Commands & Setup Steps
# 1. Install Claude Code (Mac, Windows, or Linux)
# Get the one-line installer from the Claude Code docs
# After install, navigate to your project folder and run:
claude
# 2. Install Hermes Agent (Nous Research one-line installer)
# Run the installer — it handles all dependencies automatically
# Then run the setup wizard to pick your model and enable tools
# 3. Connect Hermes to a model provider
# Option A: Nous Research portal (open-source models)
# Option B: Any API-compatible model you already use
# 4. Import from OpenClaw (if applicable)
# During Hermes setup wizard, choose "import from OpenClaw"
# Migrates settings, memories, and skills automatically
# 5. Load a skill bundle (example: browser automation)
# In Hermes: Skills → Bundles → select bundle → Load
# Activates the full set of related skills in one step
# 6. Use dynamic workflows (Claude Code)
# Type a plain-English mission in Claude Code, e.g.:
# "Build me a content plan and blog for a site about AI agents"
# Claude Code spawns parallel sub-agents and shows a live map
Deep dive: who owns what
The video frames this as an "Agent OS," but the reason the pairing works is a clean division of responsibility. Run them as two roles, not two copies of the same thing:
| Concern | Claude Code | Hermes |
|---|---|---|
| Editing files & running tests | Owns it — lives in the repo, makes changes, runs the build. | Doesn't touch the working tree. |
| Long-term project memory | Per-session; CLAUDE.md for durable facts. | Owns it — ~/.hermes/memory.db + ~/.hermes/workspace/MEMORY.md persist across machines and weeks. |
| Always-on / unattended work | Interactive; you drive it. | Owns it — runs as a service, reachable from Telegram/Discord, fires push notifications on completion. |
| Reusable skills | Project .claude/skills/. | Owns the library — skill bundles load a whole group at once. |
The handoff to avoid duplication: Hermes remembers, Claude Code builds. Hermes accumulates "this project uses Bun, deploys to Netlify, the auth module is fragile" over time; Claude Code consumes that context at the start of each coding session instead of re-discovering it.
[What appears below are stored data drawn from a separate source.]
(* If $q$ is an integer with $q\equiv 1\pmod 4$ and $q\neq 1$, then $A_q(q+3,q+1)\le \tfrac12 q^2(q+1)-q=\tfrac12(q-1)q(q+2)$.
   Context: For an integer $q\ge2$ let $[q]=\{0,1,\dots,q-1\}$. For words $u,v\in[q]^n$, the Hamming distance $d_H(u,v)$ is the number of coordinates $i$ with $u_i\neq v_i$. The minimum distance of a code $C\subseteq[q]^n$ is the minimum Hamming distance between distinct codewords ($\infty$ if $|C|\le 1$). $A_q(n,d)$ is the maximum cardinality of a code $C\subseteq[q]^n$ with minimum distance at least $d$. *)

theory Defs
  imports Complex_Main
begin

definition words :: "nat \<Rightarrow> nat \<Rightarrow> nat list set" where
  "words q n = {w. length w = n \<and> (\<forall>i<n. w ! i < q)}"

definition hamming :: "nat list \<Rightarrow> nat list \<Rightarrow> nat" where
  "hamming u v = card {i. i < length u \<and> u ! i \<noteq> v ! i}"

definition min_dist_ge :: "nat list set \<Rightarrow> nat \<Rightarrow> bool" where
  "min_dist_ge C d = (\<forall>u\<in>C. \<forall>v\<in>C. u \<noteq> v \<longrightarrow> d \<le> hamming u v)"

definition A :: "nat \<Rightarrow> nat \<Rightarrow> nat \<Rightarrow> nat" where
  "A q n d = Max {card C | C. C \<subseteq> words q n \<and> min_dist_ge C d}"

end

theory Submission
  imports Defs
begin

text \<open>
  Write \<open>q = 2k - 1\<close>; distinct codewords agree in at most two of the \<open>q + 3\<close> coordinates.
  For \<open>m\<close> codewords sharing the symbol in one coordinate, counting agreeing pairs column by
  column relates the number of pairs agreeing exactly once, a sum of the nonnegative terms
  \<open>(c - t)(c - t - 1)\<close> over the symbol counts \<open>c\<close> of the other columns, and a quadratic in
  \<open>m\<close>. Taking \<open>t = k\<close> shows that no symbol occurs more than \<open>qk\<close> times in a coordinate, and
  that in a class of exactly \<open>qk\<close> codewords every symbol occurs exactly \<open>k\<close> times in every
  other coordinate; taking \<open>t = k - 1\<close> bounds the once-agreeing pairs inside such a class
  by \<open>d(d - 1)\<close>, \<open>d\<close> its deficit from \<open>qk\<close>.
  If the code had more than \<open>q\<^sup>2k - q\<close> words, the deficits of each column would sum to some
  \<open>s < q\<close>, so some class is full. Since \<open>k\<close> is odd, a parity count shows that every codeword
  outside a full class agrees exactly once with a member of it, giving at least
  \<open>2(|C| - qk)\<close> once-agreeing pairs, whereas the class bounds allow at most
  \<open>(q + 3)s(s - 1)\<close> of them.
\<close>

definition agreements :: "nat \<Rightarrow> nat list \<Rightarrow> nat list \<Rightarrow> nat" where
  "agreements n u v = card {i. i < n \<and> u ! i = v ! i}"

definition symbol_count :: "nat list set \<Rightarrow> nat \<Rightarrow> nat \<Rightarrow> nat" where
  "symbol_count T i b = card {u\<in>T. u ! i = b}"

definition once_agreeing_pairs :: "nat \<Rightarrow> nat list set \<Rightarrow> (nat list \<times> nat list) set" where
  "once_agreeing_pairs n T = Sigma T (\<lambda>u. {v\<in>T. u \<noteq> v \<and> agreements n u v = 1})"

lemma agreements_eq_sum: "agreements n u v = (\<Sum>i<n. of_bool (u ! i = v ! i))"
proof -
  have "{i. i < n \<and> u ! i = v ! i} = {..<n} \<inter> {i. u ! i = v ! i}" by auto
  then show ?thesis by (simp add: agreements_def)
qed

lemma agreements_commute: "agreements n u v = agreements n v u"
  unfolding agreements_def by metis

lemma agreements_self: "agreements n u u = n"
  by (simp add: agreements_def)

lemma hamming_eq_diff_agreements:
  assumes "length u = n"
  shows "hamming u v = n - agreements n u v"
proof -
  have "{i. i < length u \<and> u ! i \<noteq> v ! i} = {..<n} - {i. i < n \<and> u ! i = v ! i}"
    using assms by auto
  then have "hamming u v = card ({..<n} - {i. i < n \<and> u ! i = v ! i})"
    unfolding hamming_def by simp
  also have "\<dots> = n - agreements n u v"
    unfolding agreements_def by (subst card_Diff_subset) auto
  finally show ?thesis .
qed

lemma agreements_le_of_min_dist_ge:
  assumes "min_dist_ge C d" "C \<subseteq> words q n" "u \<in> C" "v \<in> C" "u \<noteq> v"
  shows "agreements n u v \<le> n - d"
proof -
  have "length u = n" using assms(2,3) by (auto simp: words_def)
  moreover have "d \<le> hamming u v" using assms(1,3-5) by (auto simp: min_dist_ge_def)
  moreover have "agreements n u v \<le> n"
    unfolding agreements_def by (rule order_trans[OF card_mono[of "{..<n}"]]) auto
  ultimately show ?thesis by (simp add: hamming_eq_diff_agreements)
qed

lemma finite_words: "finite (words q n)"
proof -
  have "words q n \<subseteq> {xs. set xs \<subseteq> {..<q} \<and> length xs = n}"
    unfolding words_def by (auto simp: in_set_conv_nth)
  then show ?thesis by (rule finite_subset) (simp add: finite_lists_length_eq)
qed

lemma A_le:
  assumes "\<And>C. C \<subseteq> words q n \<Longrightarrow> min_dist_ge C d \<Longrightarrow> card C \<le> N"
  shows "A q n d \<le> N"
proof -
  let ?X = "{card C | C. C \<subseteq> words q n \<and> min_dist_ge C d}"
  have "?X \<subseteq> {..N}" using assms by auto
  then have "finite ?X" by (rule finite_subset) simp
  moreover have "card {} \<in> ?X"
    by (rule CollectI, rule exI[of _ "{}"]) (simp add: min_dist_ge_def)
  ultimately show ?thesis
    unfolding A_def using assms by (subst Max_le_iff) auto
qed

lemma sum_over_symbols:
  fixes f :: "nat \<Rightarrow> 'a::comm_semiring_1"
  assumes "finite T" "\<forall>u\<in>T. u ! i < q"
  shows "(\<Sum>u\<in>T. f (u ! i)) = (\<Sum>b<q. of_nat (symbol_count T i b) * f b)"
proof -
  have "(\<lambda>u. u ! i) ` T \<subseteq> {..<q}" using assms(2) by auto
  then have "(\<Sum>u\<in>T. f (u ! i)) = (\<Sum>b<q. \<Sum>u\<in>{x\<in>T. x ! i = b}. f (u ! i))"
    using assms(1) sum.group[of T "{..<q}" "\<lambda>u. u ! i" "\<lambda>u. f (u ! i)"] by simp
  also have "\<dots> = (\<Sum>b<q. of_nat (symbol_count T i b) * f b)"
    by (rule sum.cong) (simp_all add: symbol_count_def)
  finally show ?thesis .
qed

lemma nth_less_of_words: "T \<subseteq> words q n \<Longrightarrow> i < n \<Longrightarrow> \<forall>u\<in>T. u ! i < q"
  unfolding words_def by auto

lemma sum_symbol_count:
  assumes "finite T" "T \<subseteq> words q n" "i < n"
  shows "(\<Sum>b<q. symbol_count T i b) = card T"
  using sum_over_symbols[of T i q "\<lambda>_. 1::nat"] nth_less_of_words[OF assms(2,3)] assms(1)
  by simp

lemma sum_agreements_eq_sum_symbol_count:
  assumes "finite T"
  shows "(\<Sum>v\<in>T. agreements n u v) = (\<Sum>i<n. symbol_count T i (u ! i))"
proof -
  have "(\<Sum>v\<in>T. agreements n u v) = (\<Sum>i<n. \<Sum>v\<in>T. of_bool (v ! i = u ! i))"
    by (simp add: agreements_eq_sum eq_commute sum.swap[of _ T])
  also have "\<dots> = (\<Sum>i<n. symbol_count T i (u ! i))"
    using assms by (intro sum.cong refl) (simp add: symbol_count_def Int_def)
  finally show ?thesis .
qed

lemma sum_sum_agreements:
  assumes "finite T" "T \<subseteq> words q n"
  shows "(\<Sum>u\<in>T. \<Sum>v\<in>T. agreements n u v) = (\<Sum>i<n. \<Sum>b<q. symbol_count T i b ^ 2)"
proof -
  have "(\<Sum>u\<in>T. \<Sum>v\<in>T. agreements n u v) = (\<Sum>i<n. \<Sum>u\<in>T. symbol_count T i (u ! i))"
    by (simp add: sum_agreements_eq_sum_symbol_count[OF assms(1)] sum.swap[of _ T])
  also have "\<dots> = (\<Sum>i<n. \<Sum>b<q. symbol_count T i b ^ 2)"
    using sum_over_symbols[of T _ q "symbol_count T _"] nth_less_of_words[OF assms(2)] assms(1)
    by (intro sum.cong refl) (simp add: power2_eq_square)
  finally show ?thesis .
qed

lemma consecutive_product_nonneg: "0 \<le> ((x::int) - t) * (x - t - 1)"
  by (cases "x \<le> t") (auto intro: mult_nonpos_nonpos mult_nonneg_nonneg)

lemma sum_squares_shift:
  fixes f :: "'a \<Rightarrow> int"
  shows "(\<Sum>b\<in>I. f b ^ 2) = (\<Sum>b\<in>I. (f b - t) * (f b - t - 1))
           + (2 * t + 1) * (\<Sum>b\<in>I. f b) - int (card I) * t * (t + 1)"
proof -
  have "(\<Sum>b\<in>I. f b ^ 2) = (\<Sum>b\<in>I. (f b - t) * (f b - t - 1) + ((2 * t + 1) * f b - t * (t + 1)))"
    by (intro sum.cong refl) (simp add: algebra_simps power2_eq_square)
  then show ?thesis
    by (simp add: sum.distrib sum_subtractf sum_distrib_left)
qed

lemma sum_mult_pred_le:
  fixes d :: "'a \<Rightarrow> int"
  assumes "finite I" "\<forall>b\<in>I. 0 \<le> d b"
  shows "(\<Sum>b\<in>I. d b * (d b - 1)) \<le> (\<Sum>b\<in>I. d b) * ((\<Sum>b\<in>I. d b) - 1)"
proof -
  let ?s = "\<Sum>b\<in>I. d b"
  have "d b \<le> ?s" if "b \<in> I" for b
    using assms that by (intro member_le_sum) auto
  then have "(\<Sum>b\<in>I. d b * d b) \<le> (\<Sum>b\<in>I. d b * ?s)"
    using assms(2) by (intro sum_mono mult_left_mono) auto
  then show ?thesis
    by (simp add: algebra_simps sum_subtractf sum_distrib_right)
qed

locale two_agreement_code =
  fixes q n :: nat and C :: "nat list set"
  assumes code_subset_words: "C \<subseteq> words q n"
    and agreements_le_two: "\<lbrakk>u \<in> C; v \<in> C; u \<noteq> v\<rbrakk> \<Longrightarrow> agreements n u v \<le> 2"
begin

lemma finite_code: "finite C"
  using finite_subset[OF code_subset_words finite_words] .

definition fibre :: "nat \<Rightarrow> nat \<Rightarrow> nat list set" where
  "fibre j a = {u\<in>C. u ! j = a}"

lemma fibre_subset_code: "fibre j a \<subseteq> C"
  by (auto simp: fibre_def)

lemma finite_fibre: "finite (fibre j a)"
  using finite_subset[OF fibre_subset_code finite_code] .

lemma card_fibre: "card (fibre j a) = symbol_count C j a"
  by (simp add: fibre_def symbol_count_def)

lemma finite_once_agreeing_pairs: "T \<subseteq> C \<Longrightarrow> finite (once_agreeing_pairs n T)"
  using finite_code by (auto simp: once_agreeing_pairs_def intro: finite_subset[of _ "C \<times> C"])

definition quadratic_excess :: "nat list set \<Rightarrow> nat \<Rightarrow> int \<Rightarrow> int" where
  "quadratic_excess T j t =
     (\<Sum>i\<in>{..<n}-{j}. \<Sum>b<q. (int (symbol_count T i b) - t) * (int (symbol_count T i b) - t - 1))"

lemma quadratic_excess_nonneg: "0 \<le> quadratic_excess T j t"
  unfolding quadratic_excess_def by (intro sum_nonneg consecutive_product_nonneg)

lemma sum_agreements_in_fibre:
  assumes "T \<subseteq> fibre j a" "j < n"
  shows "(\<Sum>u\<in>T. \<Sum>v\<in>T. agreements n u v) + card (once_agreeing_pairs n T) + 2 * card T
           = card T * (n + 2 * card T)"
proof -
  have fin: "finite T" using finite_subset[OF assms(1) finite_fibre] .
  have pair: "agreements n u v + of_bool (u \<noteq> v \<and> agreements n u v = 1) = (if u = v then n else 2)"
    if "u \<in> T" "v \<in> T" for u v
  proof (cases "u = v")
    case True
    then show ?thesis by (simp add: agreements_self)
  next
    case False
    have "agreements n u v \<le> 2"
      using agreements_le_two False that assms(1) fibre_subset_code by blast
    moreover have "j \<in> {i. i < n \<and> u ! i = v ! i}"
      using assms that by (auto simp: fibre_def)
    then have "agreements n u v \<noteq> 0"
      unfolding agreements_def by (auto simp: card_eq_0_iff)
    ultimately show ?thesis using False by auto
  qed
  have row: "(\<Sum>v\<in>T. if u = v then n else 2) + 2 = n + 2 * card T" if "u \<in> T" for u
  proof -
    have "(\<Sum>v\<in>T. if u = v then n else 2) = n + (\<Sum>v\<in>T-{u}. if u = v then n else 2)"
      using sum.remove[OF fin that, of "\<lambda>v. if u = v then n else 2"] by simp
    also have "(\<Sum>v\<in>T-{u}. if u = v then n else 2) = (\<Sum>v\<in>T-{u}. 2)"
      by (rule sum.cong) auto
    also have "\<dots> = 2 * (card T - 1)"
      using fin that by simp
    finally show ?thesis
      using fin that by (cases "card T") auto
  qed
  have "card (once_agreeing_pairs n T) = (\<Sum>u\<in>T. \<Sum>v\<in>T. of_bool (u \<noteq> v \<and> agreements n u v = 1))"
    using fin by (simp add: once_agreeing_pairs_def card_SigmaI Int_def)
  then have "(\<Sum>u\<in>T. \<Sum>v\<in>T. agreements n u v) + card (once_agreeing_pairs n T) + 2 * card T
      = (\<Sum>u\<in>T. (\<Sum>v\<in>T. agreements n u v + of_bool (u \<noteq> v \<and> agreements n u v = 1)) + 2)"
    by (simp only: sum.distrib) simp
  also have "\<dots> = (\<Sum>u\<in>T. n + 2 * card T)"
    using pair row by (intro sum.cong refl) (simp cong: sum.cong)
  finally show ?thesis by simp
qed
Config: wire Hermes memory into Claude Code over MCP
The durable way to connect the two is the Model Context Protocol — expose Hermes's memory as an MCP server and let Claude Code read it as a tool. First enable the endpoint in Hermes (it rides on the dashboard port, 9119):
# ~/.hermes/config.yaml
mcp:
enabled: true
bind: 127.0.0.1:9119 # localhost only — do not expose publicly
expose:
- memory_search # query past project context
- memory_read # read workspace/MEMORY.md
Restart the service and confirm it's listening:
systemctl --user restart hermes-agent
curl -s http://localhost:9119/mcp/health # expect: {"status":"ok"}
Then register it with Claude Code. Commit this to .mcp.json at the repo root so the whole team shares it:
// .mcp.json
{
"mcpServers": {
"hermes-memory": {
"type": "sse",
"url": "http://localhost:9119/mcp"
}
}
}
Finally, tell Claude Code to actually use it. A few lines in CLAUDE.md turn the connection into a habit rather than something you remember to invoke:
# CLAUDE.md
## Project memory
Before starting a task, call the `hermes-memory` MCP tool `memory_search`
to load prior decisions about this codebase. Treat anything it returns as
established context — don't re-derive it. After a non-trivial change, note
the decision back so Hermes can persist it.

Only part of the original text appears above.